[Available records]
(* Let $J\subset K[x,y]_y$ be a binomial ideal and let $\xi\in\mathrm{Spec}(K[x,y]_y)$ be a point where $\mathrm{Eord}_\xi(J)=\theta>0$ is maximal (over $W$). Let $f=y^\gamma x^\alpha-bx^\beta\in J$ be a binomial without common factors, with $\alpha,\beta\in\mathbb N^s$, $\gamma\in\mathbb Z^{n-s}$, $b\in K$, $0<|\alpha|\le|\beta|$, such that $\mathrm{Eord}_\xi(f)=\theta=|\alpha|$, $\xi_i=0$ for all $i$ with $\alpha_i>0$, and $y^\gamma(\xi)\neq0$. Then, in a neighbourhood of $\xi$, $\mathrm{ESing}(J,\theta)\subseteq\{x_i=0\}$ for some $i$ with $\alpha_i>0$.
   Context: $K$ is an algebraically closed field of arbitrary characteristic; $W=\mathrm{Spec}(K[x_1,\dots,x_s,y_1,\dots,y_{n-s}]_y)$ (localization at $y_1\cdots y_{n-s}$). $E\cap W=\{V(x_1),\dots,V(x_s)\}$. For $\xi\in W$ let $\Lambda(\xi)=\{i:\xi\in V(x_i)\}$ and $E^0_{\Lambda(\xi)}$ the stratum of points lying on $V(x_i)$ exactly for $i\in\Lambda(\xi)$; its ideal is generated by the $x_i$, $i\in\Lambda(\xi)$. $\mathrm{Eord}_\xi(J)=\max\{m\in\mathbb N: J_\xi\subset(I(E^0_{\Lambda(\xi)})_\xi)^m\}$, $\mathrm{Eord}_\xi(f)=\mathrm{Eord}_\xi(\langle f\rangle)$, and $\mathrm{ESing}(J,\theta)=\{\xi:\mathrm{Eord}_\xi(J)\ge\theta\}$. A binomial ideal is an ideal generated by elements $x^{\lambda}(1-\mu y^{\delta})$ or $x^{\nu}(y^{\gamma}x^{\alpha}-bx^{\beta})$ with $\lambda,\nu,\alpha,\beta\in\mathbb N^s$, $\gamma,\delta\in\mathbb Z^{n-s}$, $\mu,b\in K$, each $y^\gamma x^\alpha-bx^\beta$ without common factors and $0<|\alpha|\le|\beta|$. *)

theory Defs
  imports Main "HOL-Library.Poly_Mapping" "HOL-Library.Extended_Nat"
    "HOL-Computational_Algebra.Polynomial"
begin

text \<open>Laurent polynomials in variables indexed by nat.  Variable i < s is x_(i+1),
  variable s + j (j < n - s) is y_(j+1).  An element of K[x,y]_y is a finitely supported
  map from exponent vectors (nat =>0 int) to K whose exponents are nonnegative on the
  x-variables and vanish on indices >= n.\<close>

type_synonym 'k lpoly = "(nat \<Rightarrow>\<^sub>0 int) \<Rightarrow>\<^sub>0 'k"

definition alg_closed :: "'k::field itself \<Rightarrow> bool" where
  "alg_closed _ \<longleftrightarrow> (\<forall>p :: 'k poly. degree p > 0 \<longrightarrow> (\<exists>z. poly p z = 0))"

definition Rng :: "nat \<Rightarrow> nat \<Rightarrow> 'k::field lpoly set" where
  "Rng s n = {p. \<forall>e \<in> Poly_Mapping.keys p. (\<forall>i<s. Poly_Mapping.lookup e i \<ge> 0) \<and> (\<forall>i\<ge>n. Poly_Mapping.lookup e i = 0)}"

text \<open>Closed points of W = Spec K[x,y]_y: x-coordinates arbitrary, y-coordinates nonzero;
  coordinates at indices >= n normalised to 0.\<close>
definition Pts :: "nat \<Rightarrow> nat \<Rightarrow> (nat \<Rightarrow> 'k::field) set" where
  "Pts s n = {a. (\<forall>i. s \<le> i \<and> i < n \<longrightarrow> a i \<noteq> 0) \<and> (\<forall>i\<ge>n. a i = 0)}"

definition eval :: "'k::field lpoly \<Rightarrow> (nat \<Rightarrow> 'k) \<Rightarrow> 'k" where
  "eval p a = (\<Sum>e\<in>Poly_Mapping.keys p. Poly_Mapping.lookup p e * (\<Prod>i\<in>Poly_Mapping.keys e. a i powi Poly_Mapping.lookup e i))"

definition ideal_gen :: "nat \<Rightarrow> nat \<Rightarrow> 'k::field lpoly set \<Rightarrow> 'k lpoly set" where
  "ideal_gen s n S = {\<Sum>g\<in>F. c g * g | F c. finite F \<and> F \<subseteq> S \<and> (\<forall>g\<in>F. c g \<in> Rng s n)}"

definition ideal_pow :: "nat \<Rightarrow> nat \<Rightarrow> 'k::field lpoly set \<Rightarrow> nat \<Rightarrow> 'k lpoly set" where
  "ideal_pow s n I m = ideal_gen s n {prod_list l | l. length l = m \<and> set l \<subseteq> I}"

definition var :: "nat \<Rightarrow> 'k::field lpoly" where
  "var i = Poly_Mapping.single (Poly_Mapping.single i 1) 1"

definition expo :: "nat \<Rightarrow> nat \<Rightarrow> (nat \<Rightarrow> nat) \<Rightarrow> (nat \<Rightarrow> int) \<Rightarrow> (nat \<Rightarrow>\<^sub>0 int)" where
  "expo s n \<alpha> \<gamma> = Abs_poly_mapping
     (\<lambda>i. if i < s then int (\<alpha> i) else if i < n then \<gamma> (i - s) else 0)"

definition mon :: "nat \<Rightarrow> nat \<Rightarrow> (nat \<Rightarrow> nat) \<Rightarrow> (nat \<Rightarrow> int) \<Rightarrow> 'k \<Rightarrow> 'k::field lpoly" where
  "mon s n \<alpha> \<gamma> c = Poly_Mapping.single (expo s n \<alpha> \<gamma>) c"

definition absn :: "nat \<Rightarrow> (nat \<Rightarrow> nat) \<Rightarrow> nat" where
  "absn s \<alpha> = (\<Sum>i<s. \<alpha> i)"

definition coprime_exps :: "nat \<Rightarrow> (nat \<Rightarrow> nat) \<Rightarrow> (nat \<Rightarrow> nat) \<Rightarrow> bool" where
  "coprime_exps s \<alpha> \<beta> \<longleftrightarrow> (\<forall>i<s. \<alpha> i = 0 \<or> \<beta> i = 0)"

definition zeroy :: "nat \<Rightarrow> int" where "zeroy = (\<lambda>_. 0)"
definition zerox :: "nat \<Rightarrow> nat" where "zerox = (\<lambda>_. 0)"

definition binom :: "nat \<Rightarrow> nat \<Rightarrow> (nat \<Rightarrow> nat) \<Rightarrow> (nat \<Rightarrow> nat) \<Rightarrow> (nat \<Rightarrow> int) \<Rightarrow> 'k \<Rightarrow> 'k::field lpoly" where
  "binom s n \<alpha> \<beta> \<gamma> b = mon s n \<alpha> \<gamma> 1 - mon s n \<beta> zeroy b"

definition binom_gens :: "nat \<Rightarrow> nat \<Rightarrow> 'k::field lpoly set" where
  "binom_gens s n =
     {mon s n lam zeroy 1 * (1 - mon s n zerox \<delta> \<mu>) | lam \<delta> \<mu>. True} \<union>
     {mon s n \<nu> zeroy 1 * binom s n \<alpha> \<beta> \<gamma> b | \<nu> \<alpha> \<beta> \<gamma> b.
        coprime_exps s \<alpha> \<beta> \<and> 0 < absn s \<alpha> \<and> absn s \<alpha> \<le> absn s \<beta>}"

definition binomial_ideal :: "nat \<Rightarrow> nat \<Rightarrow> 'k::field lpoly set \<Rightarrow> bool" where
  "binomial_ideal s n J \<longleftrightarrow> (\<exists>G \<subseteq> binom_gens s n. J = ideal_gen s n G)"

definition Lam :: "nat \<Rightarrow> (nat \<Rightarrow> 'k::field) \<Rightarrow> nat set" where
  "Lam s a = {i. i < s \<and> a i = 0}"

definition stratum_ideal :: "nat \<Rightarrow> nat \<Rightarrow> (nat \<Rightarrow> 'k::field) \<Rightarrow> 'k lpoly set" where
  "stratum_ideal s n a = ideal_gen s n (var ` Lam s a)"

text \<open>J_a \<subseteq> (I_a)^m in the local ring at the point a: every f in J becomes,
  after multiplying by some h with h(a) \<noteq> 0, an element of I^m.\<close>
definition loc_sub :: "nat \<Rightarrow> nat \<Rightarrow> 'k::field lpoly set \<Rightarrow> (nat \<Rightarrow> 'k) \<Rightarrow> nat \<Rightarrow> bool" where
  "loc_sub s n J a m \<longleftrightarrow>
     (\<forall>f\<in>J. \<exists>h\<in>Rng s n. eval h a \<noteq> 0 \<and> h * f \<in> ideal_pow s n (stratum_ideal s n a) m)"

definition Eord :: "nat \<Rightarrow> nat \<Rightarrow> 'k::field lpoly set \<Rightarrow> (nat \<Rightarrow> 'k) \<Rightarrow> enat" where
  "Eord s n J a = Sup {enat m | m. loc_sub s n J a m}"

definition ESing :: "nat \<Rightarrow> nat \<Rightarrow> 'k::field lpoly set \<Rightarrow> enat \<Rightarrow> (nat \<Rightarrow> 'k) set" where
  "ESing s n J \<theta> = {a \<in> Pts s n. Eord s n J a \<ge> \<theta>}"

[What is required]
Find and copy each line above that includes the string "enat".

[Reply]
definition Eord :: "nat \<Rightarrow> nat \<Rightarrow> 'k::field lpoly set \<Rightarrow> (nat \<Rightarrow> 'k) \<Rightarrow> enat" where
  "Eord s n J a = Sup {enat m | m. loc_sub s n J a m}"
definition ESing :: "nat \<Rightarrow> nat \<Rightarrow> 'k::field lpoly set \<Rightarrow> enat \<Rightarrow> (nat \<Rightarrow> 'k) set" where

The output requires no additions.